MATERIAL FOR THIS TASK:
☆ ☆ ☆ ☆ ☆ ☆ ☆

definition extremal_form :: "('k::field \<Rightarrow> 'l::ab_group_add \<Rightarrow> 'l) \<Rightarrow> ('l \<Rightarrow> 'l \<Rightarrow> 'l) \<Rightarrow> 'l \<Rightarrow> ('l \<Rightarrow> 'k) \<Rightarrow> bool" where
  "extremal_form sc br a f \<longleftrightarrow>
     (\<forall>u w.
        br a (br a u) = sc (2 * f u) a \<and>
        br (br a u) (br a w) = sc (f (br u w)) a + sc (f w) (br a u) - sc (f u) (br a w) \<and>
        br a (br u (br a w)) = sc (f (br u w)) a - sc (f w) (br a u) - sc (f u) (br a w))"

definition extremal :: "('k::field \<Rightarrow> 'l::ab_group_add \<Rightarrow> 'l) \<Rightarrow> ('l \<Rightarrow> 'l \<Rightarrow> 'l) \<Rightarrow> 'l \<Rightarrow> bool" where
  "extremal sc br a \<longleftrightarrow> a \<noteq> 0 \<and> (\<exists>f. extremal_form sc br a f)"

definition extremal_set :: "('k::field \<Rightarrow> 'l::ab_group_add \<Rightarrow> 'l) \<Rightarrow> ('l \<Rightarrow> 'l \<Rightarrow> 'l) \<Rightarrow> 'l set" where
  "extremal_set sc br = {a. extremal sc br a}"

definition sandwich :: "('l::ab_group_add \<Rightarrow> 'l \<Rightarrow> 'l) \<Rightarrow> 'l \<Rightarrow> bool" where
  "sandwich br a \<longleftrightarrow> (\<forall>u w. br a (br a u) = 0 \<and> br a (br u (br a w)) = 0)"

definition pure_extremal :: "('k::field \<Rightarrow> 'l::ab_group_add \<Rightarrow> 'l) \<Rightarrow> ('l \<Rightarrow> 'l \<Rightarrow> 'l) \<Rightarrow> 'l \<Rightarrow> bool" where
  "pure_extremal sc br a \<longleftrightarrow> extremal sc br a \<and> \<not> sandwich br a"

☆ ☆ ☆ ☆ ☆ ☆ ☆

WHAT THE TASK REQUIRES:
Every entry must be given again exactly as it reads.

YOUR SOLUTION:
definition extremal_form :: "('k::field \<Rightarrow> 'l::ab_group_add \<Rightarrow> 'l) \<Rightarrow> ('l \<Rightarrow> 'l \<Rightarrow> 'l) \<Rightarrow> 'l \<Rightarrow> ('l \<Rightarrow> 'k) \<Rightarrow> bool" where
  "extremal_form sc br a f \<longleftrightarrow>
     (\<forall>u w.
        br a (br a u) = sc (2 * f u) a \<and>
        br (br a u) (br a w) = sc (f (br u w)) a + sc (f w) (br a u) - sc (f u) (br a w) \<and>
        br a (br u (br a w)) = sc (f (br u w)) a - sc (f w) (br a u) - sc (f u) (br a w))"

definition extremal :: "('k::field \<Rightarrow> 'l::ab_group_add \<Rightarrow> 'l) \<Rightarrow> ('l \<Rightarrow> 'l \<Rightarrow> 'l) \<Rightarrow> 'l \<Rightarrow> bool" where
  "extremal sc br a \<longleftrightarrow> a \<noteq> 0 \<and> (\<exists>f. extremal_form sc br a f)"

definition extremal_set :: "('k::field \<Rightarrow> 'l::ab_group_add \<Rightarrow> 'l) \<Rightarrow> ('l \<Rightarrow> 'l \<Rightarrow> 'l) \<Rightarrow> 'l set" where
  "extremal_set sc br = {a. extremal sc br a}"

definition sandwich :: "('l::ab_group_add \<Rightarrow> 'l \<Rightarrow> 'l) \<Rightarrow> 'l \<Rightarrow> bool" where
  "sandwich br a \<longleftrightarrow> (\<forall>u w. br a (br a u) = 0 \<and> br a (br u (br a w)) = 0)"

definition pure_extremal :: "('k::field \<Rightarrow> 'l::ab_group_add \<Rightarrow> 'l) \<Rightarrow> ('l \<Rightarrow> 'l \<Rightarrow> 'l) \<Rightarrow> 'l \<Rightarrow> bool" where
  "pure_extremal sc br a \<longleftrightarrow> extremal sc br a \<and> \<not> sandwich br a"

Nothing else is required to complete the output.